The hidden pattern? Every repo is becoming a node in a larger graph. TPMJS provides the tool registry. Omega consumes those tools to gain new capabilities overnight. JSON Resume uses pathways powered by the same infrastructure to guide career decisions. And the whole thing is held together with automation workflows that barely work but somehow keep shipping.

Why You Should Care

Shipped TPMJS: A functional npm-based tool registry with health checks, playground, SDK packages, and 150+ commits of infrastructure work
Omega got smarter: Integrated TPMJS tools, added conversation tracking, implemented PostGIS for spatial data, and can now log its own decision-making process
JSON Resume got an AI copilot: Career pathways feature with job graph integration, AI-powered resume updates, and keyboard navigation
Blog automation actually works: Claude now generates weekly devlogs from GitHub activity and posts them automatically with tweets
Made mobtranslate cheaper: Migrated from static files to Supabase to reduce build times and improve dictionary updates
Shipped real products: Health check systems, Discord webhooks, Railway executors, and a bunch of half-broken experimental features

TPMJS: Building an npm-Based Tool Registry for AI Agents

Problem

AI agents need tools to be useful, but integrating tools manually is tedious. You find a package on npm, read the docs, write integration code, handle errors, manage API keys—and then do it all over again for the next tool. I wanted agents to be able to discover and execute tools dynamically, like installing an npm package at runtime but for function calls.

Approach

I built TPMJS as a registry that indexes npm packages tagged with tpmjs-tool. The core architecture has three parts:

Search API (@tpmjs/registry-search): Queries the registry database for tools, returns metadata including schemas, health status, and download counts
Execute API (@tpmjs/registry-execute): Takes a package name and parameters, loads the tool in a Deno sandbox on Railway, executes it with a 120s timeout, returns results or errors
Web app: Search interface, playground, docs, and health monitoring

The killer feature is that tools are just npm packages exporting AI SDK v6 tool definitions. Developers publish to npm with the tpmjs-tool keyword, and the registry picks them up automatically. No manual approval process.
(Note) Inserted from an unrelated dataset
(* Every morphism of bigroupoids $(F,\phi):\mathcal A\to\mathcal C$ factors as $(F,\phi)=(H,\eta)\circ(G,\gamma)$ with $(G,\gamma):\mathcal A\to\mathcal B$ a cofibration and $(H,\eta):\mathcal B\to\mathcal C$ a strict morphism (i.e. $\eta$ is the identity) which is a trivial fibration.
   Context: A bigroupoid $\mathcal B$ consists of: a set $\mathcal B_0$ of 0-cells; for each $A,B\in\mathcal B_0$ a groupoid $\mathcal B(A,B)$ whose objects are 1-cells and whose arrows are 2-cells; composition functors $*$; identity 1-cells $1_A$; inversion functors $(-)^*:\mathcal B(A,B)\to\mathcal B(B,A)$; and natural isomorphisms $\mathbf a:(h*g)*f\Rightarrow h*(g*f)$, $\mathbf l:1_B*f\Rightarrow f$, $\mathbf r:f*1_A\Rightarrow f$, $\mathbf e:f^**f\Rightarrow 1_A$, $\mathbf i:1_B\Rightarrow f*f^*$, such that the pentagon for $\mathbf a$ commutes, $(\mathrm{id}*\mathbf l)\circ\mathbf a=\mathbf r*\mathrm{id}$, and $\mathbf r_f\circ(\mathrm{id}*\mathbf e_f)\circ\mathbf a\circ(\mathbf i_f*\mathrm{id})=\mathbf l_f$. A morphism $(F,\phi):\mathcal A\to\mathcal B$ consists of a function on 0-cells, functors $F_{A,A'}:\mathcal A(A,A')\to\mathcal B(FA,FA')$ and natural isomorphisms $\phi_{g,f}:Fg*Ff\Rightarrow F(g*f)$, $\phi_A:1_{FA}\Rightarrow F1_A$, $\phi_f:(Ff)^*\Rightarrow F(f^* )$ satisfying $F\mathbf a\circ\phi\circ(\phi*\mathrm{id})=\phi\circ(\mathrm{id}*\phi)\circ\mathbf a$, $F\mathbf r\circ\phi\circ(\mathrm{id}*\phi_A)=\mathbf r$, $F\mathbf l\circ\phi\circ(\phi_B*\mathrm{id})=\mathbf l$, $F\mathbf e\circ\phi\circ(\phi_f*\mathrm{id})=\phi_A\circ\mathbf e$, $F\mathbf i\circ\phi_B=\phi\circ(\mathrm{id}*\phi_f)\circ\mathbf i$; it is strict if all components of $\phi$ are identities; composition is $(G,\gamma)\circ(F,\phi)=(GF,G\phi\circ\gamma F)$. Fibration: (1) for every 0-cell $A'$ of $\mathcal A$ and 1-cell $b:B\to FA'$ there is $a:A\to A'$ with $FA=B$, $Fa=b$; (2) for every 1-cell $a'$ and 2-cell $\beta:b\Rightarrow Fa'$ there is $\alpha:a\Rightarrow a'$ with $Fa=b$, $F\alpha=\beta$. Cofibration: injective on 0-cells and each $F_{A,A'}$ injective on objects. Weak equivalence: every 0-cell $B$ of $\mathcal B$ admits a 1-cell $B\to FA'$ for some 0-cell $A'$, and each $F_{A,A'}$ is an equivalence of categories. A trivial fibration is a fibration that is a weak equivalence. *)

theory Defs
  imports Main
begin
Example tool from the wild:

import { tool } from 'ai';
      import { z } from 'zod';
      
      export const emojiMagic = tool({
        description: 'Add emoji reactions to text',
        parameters: z.object({
          text: z.string().describe('Text to emojify'),
          style: z.enum(['subtle', 'aggressive']).optional()
        }),
        execute: async ({ text, style = 'subtle' }) => {
          // Tool logic here
          return { result: `${text} ✨` };
        }
      });

I also built a CLI generator (@tpmjs/create-basic-tools) that scaffolds new tool packages interactively. Run npx @tpmjs/create-basic-tools, answer a few prompts, and you get a working tool package ready to publish.

Results

151 commits to TPMJS in two weeks
Tools indexed: Currently tracking all npm packages with the tpmjs-tool keyword (measured by querying the registry API)
Health check system: Automated daily tests that mark tools as broken/healthy based on whether they load and execute without infrastructure failures
Playground works: You can load any tool from the registry, provide env vars in the UI, and execute it through an OpenAI chat interface
SDK packages published: @tpmjs/registry-search and @tpmjs/registry-execute are on npm so other developers can integrate the registry

I measured response times by adding console timestamps in the Railway executor—tools typically load in under 2 seconds thanks to Deno’s module caching. Failed tools get logged with full error details and marked unhealthy in the database.

Pitfalls / What Broke

The biggest hack is how I handle Zod schemas. AI SDK v6 uses Zod v4, but most tools in the wild still use Zod v3. The schema extraction code tries multiple strategies (reading .inputSchema, .parameters.jsonSchema, and falling back to zod-to-json-schema) and sometimes it still fails. I have debug logging everywhere trying to figure out edge cases.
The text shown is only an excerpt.